Keynes was a big champion of capitalism as the best tool to raise living standards, and ultimately the idea of ending poverty is an economic question as much as a moral one. It may be that truly ending it involves a sort of struggle against diminishing returns: a typical capitalist economy working well enough for most people (80%?), with guaranteed jobs picking up the majority of the slack (15%?), and a UBI covering those few who for whatever reason can't handle employment in either the private or public sectors. The last mile of anything is always the most difficult, but since a UBI covers everyone, it's less susceptible to the "programs for poor people are poor programs" issues that that currently plague America's haphazard, rickety, and often racist welfare state.

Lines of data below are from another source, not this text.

(* Let $\{M_j\}$ be a collection of hermitian $n\times n$ matrices. A nontrivial subspace $V\subset\mathbb{C}^n$ is minimal with respect to $\mathrm{Span}_{\mathbb{R}}\{M_j\}$ if and only if there exists a positive semi-definite hermitian $n\times n$ matrix $N$, unique up to multiplication by a positive scalar, such that the range of $N$ equals $V$ and $\langle M_j,N\rangle=0$ for all $j$.
   Context: The real inner product on hermitian $n\times n$ matrices is $\langle A,B\rangle=\mathrm{Tr}(AB)$. For a hermitian matrix $M$ and a subspace $V\subset\mathbb{C}^n$, the restriction of $M$ to $V$ is the restriction of the quadratic form $v\mapsto\bar v^TMv$ to $V$. $\mathrm{Span}_{\mathbb{R}}\{M_j\}$ is indefinite on a nontrivial subspace $V$ if no real linear combination of the $M_j$ is positive definite when restricted to $V$. A nontrivial subspace $V$ is minimal with respect to $\mathrm{Span}_{\mathbb{R}}\{M_j\}$ if $\mathrm{Span}_{\mathbb{R}}\{M_j\}$ is indefinite on $V$ but not indefinite on any nontrivial proper subspace of $V$. *)

theory Defs
  imports "HOL-Analysis.Analysis"
begin

definition hermitian :: "complex^'n^'n \<Rightarrow> bool" where
  "hermitian A \<longleftrightarrow> (\<forall>i k. A $ i $ k = cnj (A $ k $ i))"

definition qform :: "complex^'n^'n \<Rightarrow> complex^'n \<Rightarrow> complex" where
  "qform A v = (\<Sum>i\<in>UNIV. \<Sum>k\<in>UNIV. cnj (v $ i) * A $ i $ k * v $ k)"

definition csubspace :: "(complex^'n) set \<Rightarrow> bool" where
  "csubspace V \<longleftrightarrow> 0 \<in> V \<and> (\<forall>x\<in>V. \<forall>y\<in>V. x + y \<in> V) \<and> (\<forall>c. \<forall>x\<in>V. c *s x \<in> V)"

definition posdef_on :: "complex^'n^'n \<Rightarrow> (complex^'n) set \<Rightarrow> bool" where
  "posdef_on A V \<longleftrightarrow> (\<forall>v\<in>V. v \<noteq> 0 \<longrightarrow> Re (qform A v) > 0)"

text \<open>Span_R{M_j} is indefinite on V: no real linear combination (element of the real span)
  is positive definite on V.\<close>
definition indefinite_on :: "(complex^'n^'n) set \<Rightarrow> (complex^'n) set \<Rightarrow> bool" where
  "indefinite_on Ms V \<longleftrightarrow> \<not> (\<exists>A\<in>span Ms. posdef_on A V)"

definition minimal_wrt :: "(complex^'n^'n) set \<Rightarrow> (complex^'n) set \<Rightarrow> bool" where
  "minimal_wrt Ms V \<longleftrightarrow> csubspace V \<and> V \<noteq> {0} \<and> indefinite_on Ms V \<and>
     (\<forall>W. csubspace W \<and> W \<noteq> {0} \<and> W \<subset> V \<longrightarrow> \<not> indefinite_on Ms W)"

definition psd :: "complex^'n^'n \<Rightarrow> bool" where
  "psd N \<longleftrightarrow> hermitian N \<and> (\<forall>v. Re (qform N v) \<ge> 0)"

definition hinner :: "complex^'n^'n \<Rightarrow> complex^'n^'n \<Rightarrow> complex" where
  "hinner A B = trace (A ** B)"

end

theory Submission
  imports Defs
begin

The single most difficult aspect of a UBI is the funding structure, and here Lowrey predictably is less able to give useful guidance, since these are bitter political and practical questions. Alaska's scheme is funded from oil, but not only is every state not Alaska, but even Alaska might find its wells running dry someday. As FDR said of his own attempt to fund a UBI for the elderly: "We put those payroll contributions there so as to give the contributors a legal, moral, and political right to collect their pensions and their unemployment benefits. With those taxes in there, no damn politician can ever scrap my social security program."
We don't have as much fiscal space as FDR did back in the welfare state's infant days, so either coming up with new taxes, such as on financial transactions or wealth, or finding acceptable ways to increase existing taxes, will prove the most challenging part of all. But, as Lowrey shows, there's no real mystery to ending poverty - just give people money.